-- MATERIAL TO PROCESS follows --
lemma det_on_bij_betw:
  assumes fin: "finite I" and g: "bij_betw g {0..<n} I"
  shows "det_on I A = det (mat n n (\<lambda>(i,j). A (g i) (g j)))"
proof -
  have n: "card I = n" using bij_betw_same_card[OF g] by simp
  let ?h = "enum_of_set I"
  have h: "bij_betw ?h {0..<n} I" using bij_betw_enum_of_set[OF fin] n by simp
  define p where "p = (\<lambda>i. if i < n then inv_into {0..<n} ?h (g i) else i)"
  have hp: "\<And>i. i < n \<Longrightarrow> ?h (p i) = g i"
    unfolding p_def using h g by (auto simp: bij_betw_def f_inv_into_f)
  have "bij_betw (inv_into {0..<n} ?h \<circ> g) {0..<n} {0..<n}"
    by (rule bij_betw_trans[OF g bij_betw_inv_into[OF h]])
  hence "bij_betw p {0..<n} {0..<n}"
    by (rule bij_betw_cong[THEN iffD1, rotated]) (simp add: p_def)
  hence p: "p permutes {0..<n}"
    by (rule bij_imp_permutes) (simp add: p_def)
  have "det (mat n n (\<lambda>(i,j). A (g i) (g j))) = det (mat n n (\<lambda>(i,j). A (?h (p i)) (?h (p j))))"
    by (intro arg_cong[of _ _ det] eq_matI) (auto simp: hp)
  also have "\<dots> = det (mat n n (\<lambda>(i,j). A (?h i) (?h j)))"
    using det_permute_rows_cols[OF p, of "\<lambda>i j. A (?h i) (?h j)"] by simp
  finally show ?thesis unfolding det_on_def n by simp
qed

lemma det_on_empty: "det_on {} A = 1"
  unfolding det_on_def by (simp add: det_dim_zero)

lemma det_on_singleton: "det_on {x} A = A x x"
proof -
  have "bij_betw (\<lambda>_. x) {0..<1::nat} {x}" by (simp add: bij_betw_def)
  from det_on_bij_betw[OF _ this] show ?thesis by (simp add: det_single)
qed

lemma det_on_doubleton:
  assumes "x \<noteq> y"
  shows "det_on {x,y} A = A x x * A y y - A x y * A y x"
proof -
  have "bij_betw (\<lambda>i. if i = 0 then x else y) {0..<2::nat} {x,y}"
    using assms by (auto simp: bij_betw_def inj_on_def image_def intro: exI[of _ 1];
        metis One_nat_def less_2_cases)
  from det_on_bij_betw[OF _ this] show ?thesis by (simp add: det_mat_2)
qed

lemma det_on_cong:
  assumes "finite I" "\<And>i j. i \<in> I \<Longrightarrow> j \<in> I \<Longrightarrow> A i j = B i j"
  shows "det_on I A = det_on I B"
proof -
  have "\<And>i. i < card I \<Longrightarrow> enum_of_set I i \<in> I"
    using bij_betw_enum_of_set[OF assms(1)] by (auto simp: bij_betw_def)
  thus ?thesis unfolding det_on_def using assms(2) by (intro arg_cong[of _ _ det] eq_matI) auto
qed

lemma det_on_mult:
  fixes A B :: "'i \<Rightarrow> 'i \<Rightarrow> 'a :: comm_ring_1"
  assumes fin: "finite I"
  shows "det_on I (\<lambda>i j. \<Sum>k\<in>I. A i k * B k j) = det_on I A * det_on I B"
proof -
  define n where "n = card I"
  define h where "h = enum_of_set I"
  have h: "bij_betw h {0..<n} I" using bij_betw_enum_of_set[OF fin] unfolding h_def n_def .
  let ?A = "mat n n (\<lambda>(i,j). A (h i) (h j))"
  let ?B = "mat n n (\<lambda>(i,j). B (h i) (h j))"
  have "mat n n (\<lambda>(i,j). \<Sum>k\<in>I. A (h i) k * B k (h j)) = ?A * ?B"
  proof (rule eq_matI)
    fix i j assume i: "i < dim_row (?A * ?B)" and j: "j < dim_col (?A * ?B)"
    have "(?A * ?B) $$ (i,j) = (\<Sum>k\<in>{0..<n}. A (h i) (h k) * B (h k) (h j))"
      using i j by (simp add: scalar_prod_def)
    also have "\<dots> = (\<Sum>k\<in>I. A (h i) k * B k (h j))"
      by (rule sum.reindex_bij_betw[OF h])
    finally show "mat n n (\<lambda>(i,j). \<Sum>k\<in>I. A (h i) k * B k (h j)) $$ (i,j) = (?A * ?B) $$ (i,j)"
      using i j by simp
  qed auto
  hence "det_on I (\<lambda>i j. \<Sum>k\<in>I. A i k * B k j) = det (?A * ?B)"
    by (simp add: det_on_bij_betw[OF fin h])
  also have "\<dots> = det ?A * det ?B" by (rule det_mult) auto
  finally show ?thesis using det_on_bij_betw[OF fin h, of A] det_on_bij_betw[OF fin h, of B] by simp
qed
text \<open>The coordinates X_1..X_{4p} are given by a bijection ix from {1..4p} onto the
  index type of real^'n; X_\<alpha> = x $ ix \<alpha>.  Partial derivatives are taken componentwise.\<close>

definition pdX :: "(nat \<Rightarrow> 'n::finite) \<Rightarrow> (real^'n \<Rightarrow> cl) \<Rightarrow> nat \<Rightarrow> real^'n \<Rightarrow> cl" where
  "pdX ix F \<alpha> x = (\<lambda>A. frechet_derivative (\<lambda>y. F y A) (at x) (axis (ix \<alpha>) 1))"

definition dz :: "(nat \<Rightarrow> 'n::finite) \<Rightarrow> (real^'n \<Rightarrow> cl) \<Rightarrow> nat \<Rightarrow> real^'n \<Rightarrow> cl" where
  "dz ix F k x = cl_scale (1/2) (cl_add (pdX ix F (2*k-1) x) (cl_scale (-\<i>) (pdX ix F (2*k) x)))"

definition dzb :: "(nat \<Rightarrow> 'n::finite) \<Rightarrow> (real^'n \<Rightarrow> cl) \<Rightarrow> nat \<Rightarrow> real^'n \<Rightarrow> cl" where
  "dzb ix F k x = cl_scale (1/2) (cl_add (pdX ix F (2*k-1) x) (cl_scale \<i> (pdX ix F (2*k) x)))"

definition Dz :: "nat \<Rightarrow> (nat \<Rightarrow> 'n::finite) \<Rightarrow> (real^'n \<Rightarrow> cl) \<Rightarrow> real^'n \<Rightarrow> cl" where
  "Dz p ix F x = cl_sum (\<lambda>k. cl_mult (4*p) (wfd k) (dz ix F k x)) {1..2*p}"

definition Dz_dag :: "nat \<Rightarrow> (nat \<Rightarrow> 'n::finite) \<Rightarrow> (real^'n \<Rightarrow> cl) \<Rightarrow> real^'n \<Rightarrow> cl" where
  "Dz_dag p ix F x = cl_sum (\<lambda>k. cl_mult (4*p) (wf k) (dzb ix F k x)) {1..2*p}"

definition Dz_J :: "nat \<Rightarrow> (nat \<Rightarrow> 'n::finite) \<Rightarrow> (real^'n \<Rightarrow> cl) \<Rightarrow> real^'n \<Rightarrow> cl" where
  "Dz_J p ix F x = cl_sum (\<lambda>j. cl_add (cl_mult (4*p) (wf (2*j-1)) (dz ix F (2*j) x))
        (cl_scale (-1) (cl_mult (4*p) (wf (2*j)) (dz ix F (2*j-1) x)))) {1..p}"

definition Dz_dag_J :: "nat \<Rightarrow> (nat \<Rightarrow> 'n::finite) \<Rightarrow> (real^'n \<Rightarrow> cl) \<Rightarrow> real^'n \<Rightarrow> cl" where
  "Dz_dag_J p ix F x = cl_sum (\<lambda>j. cl_add (cl_mult (4*p) (wfd (2*j-1)) (dzb ix F (2*j) x))
        (cl_scale (-1) (cl_mult (4*p) (wfd (2*j)) (dzb ix F (2*j-1) x)))) {1..p}"

definition dirac :: "nat \<Rightarrow> (nat \<Rightarrow> 'n::finite) \<Rightarrow> (cl \<Rightarrow> cl) \<Rightarrow> (real^'n \<Rightarrow> cl) \<Rightarrow> real^'n \<Rightarrow> cl" where
  "dirac p ix M F x = cl_sum (\<lambda>\<alpha>. cl_mult (4*p) (M (gen \<alpha>)) (pdX ix F \<alpha> x)) {1..4*p}"

definition q_monogenic :: "nat \<Rightarrow> (nat \<Rightarrow> 'n::finite) \<Rightarrow> (real^'n) set \<Rightarrow> (real^'n \<Rightarrow> cl) \<Rightarrow> bool" where
  "q_monogenic p ix \<Omega> F \<longleftrightarrow> (\<forall>x\<in>\<Omega>.
      dirac p ix id F x = cl_zero \<and> dirac p ix Iop F x = cl_zero \<and>
      dirac p ix Jop F x = cl_zero \<and> dirac p ix Kop F x = cl_zero)"

end

theory Submission
  imports Defs
begin

text \<open>Writing the generators in the Witt basis, \<open>e\<^sub>2\<^sub>k\<^sub>-\<^sub>1 = f\<^sub>k\<^sup>\<dagger> - f\<^sub>k\<close> and
  \<open>e\<^sub>2\<^sub>k = -i (f\<^sub>k + f\<^sub>k\<^sup>\<dagger>)\<close>, and the real partial derivatives through the Wirtinger
  derivatives, one finds at every point, for every function,
  \<open>\<partial> = 2 (\<partial>\<^sub>z - \<partial>\<^sub>z\<^sup>\<dagger>)\<close>, \<open>\<partial>\<^sub>I = -2i (\<partial>\<^sub>z + \<partial>\<^sub>z\<^sup>\<dagger>)\<close>,
  \<open>\<partial>\<^sub>J = 2 (\<partial>\<^sub>z\<^sup>J - \<partial>\<^sub>z\<^sup>\<dagger>\<^sup>J)\<close> and \<open>\<partial>\<^sub>K = 2i (\<partial>\<^sub>z\<^sup>J + \<partial>\<^sub>z\<^sup>\<dagger>\<^sup>J)\<close>.
  Both pairs of linear combinations are invertible, so the two systems of operators have the
  same null solutions.  The identities are pointwise and purely algebraic.\<close>

lemma sum_lessThan_double:
  fixes f :: "nat \<Rightarrow> 'a::comm_monoid_add"
  shows "(\<Sum>i<2*m. f i) = (\<Sum>i<m. f (2*i) + f (2*i+1))"
  by (induction m) (simp_all add: algebra_simps)

lemma sum_atLeast1_atMost_double:
  fixes g :: "nat \<Rightarrow> 'a::comm_monoid_add"
  shows "(\<Sum>a\<in>{1..2*m}. g a) = (\<Sum>i<m. g (2*i+1) + g (2*i+2))"
  by (simp add: sum.atLeast1_atMost_eq sum_lessThan_double)

lemma sum_atLeast1_atMost_quadruple:
  fixes g :: "nat \<Rightarrow> 'a::comm_monoid_add"
  shows "(\<Sum>a\<in>{1..4*m}. g a) = (\<Sum>i<m. g (4*i+1) + g (4*i+2) + g (4*i+3) + g (4*i+4))"
proof -
  have "(\<Sum>a\<in>{1..4*m}. g a) = (\<Sum>k<2*m. g (2*k+1) + g (2*k+2))"
    using sum_atLeast1_atMost_double[of g "2*m"] by simp
  also have "\<dots> = (\<Sum>i<m. g (4*i+1) + g (4*i+2) + g (4*i+3) + g (4*i+4))"
    by (subst sum_lessThan_double) (simp add: add.assoc eval_nat_numeral)
  finally show ?thesis .
qed

lemma cl_add_apply [simp]: "cl_add x y A = x A + y A"
  by (simp add: cl_add_def)

lemma cl_scale_apply [simp]: "cl_scale c x A = c * x A"
  by (simp add: cl_scale_def)

lemma cl_sum_apply [simp]: "cl_sum f S A = (\<Sum>k\<in>S. f k A)"
  by (simp add: cl_sum_def)

lemma cl_mult_add_left [simp]: "cl_mult n (cl_add a b) y C = cl_mult n a y C + cl_mult n b y C"
  unfolding cl_mult_def by (simp add: sum.distrib[symmetric] algebra_simps if_distrib cong: if_cong)

lemma cl_mult_add_right [simp]: "cl_mult n y (cl_add a b) C = cl_mult n y a C + cl_mult n y b C"
  unfolding cl_mult_def by (simp add: sum.distrib[symmetric] algebra_simps if_distrib cong: if_cong)

lemma cl_mult_scale_left [simp]: "cl_mult n (cl_scale c a) y C = c * cl_mult n a y C"
  unfolding cl_mult_def by (simp add: sum_distrib_left algebra_simps if_distrib cong: if_cong)

lemma cl_mult_scale_right [simp]: "cl_mult n y (cl_scale c a) C = c * cl_mult n y a C"
  unfolding cl_mult_def by (simp add: sum_distrib_left algebra_simps if_distrib cong: if_cong)

lemma cl_eq_by_singletons:
  assumes "\<And>m. x {m} = y {m}" and "\<And>A. \<not> is_singleton A \<Longrightarrow> x A = y A"
  shows "x = y"
  using assms by (metis is_singletonE ext)

lemma gen_singleton: "gen a {m} = (if m = a then 1 else 0)"
  by (simp add: gen_def blade_def)

lemma gen_non_singleton: "\<not> is_singleton A \<Longrightarrow> gen a A = 0"
  by (auto simp: gen_def blade_def)

lemma Iop_non_singleton: "\<not> is_singleton A \<Longrightarrow> Iop x A = 0"
  by (simp add: Iop_def)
-- MATERIAL TO PROCESS concluded --
WHAT YOU NEED TO DO. Check every line above for the string "text" and copy those that have it.

RESULT OF THIS EXERCISE.
text \<open>The coordinates X_1..X_{4p} are given by a bijection ix from {1..4p} onto the
text \<open>Writing the generators in the Witt basis, \<open>e\<^sub>2\<^sub>k\<^sub>-\<^sub>1 = f\<^sub>k\<^sup>\<dagger> - f\<^sub>k\<close> and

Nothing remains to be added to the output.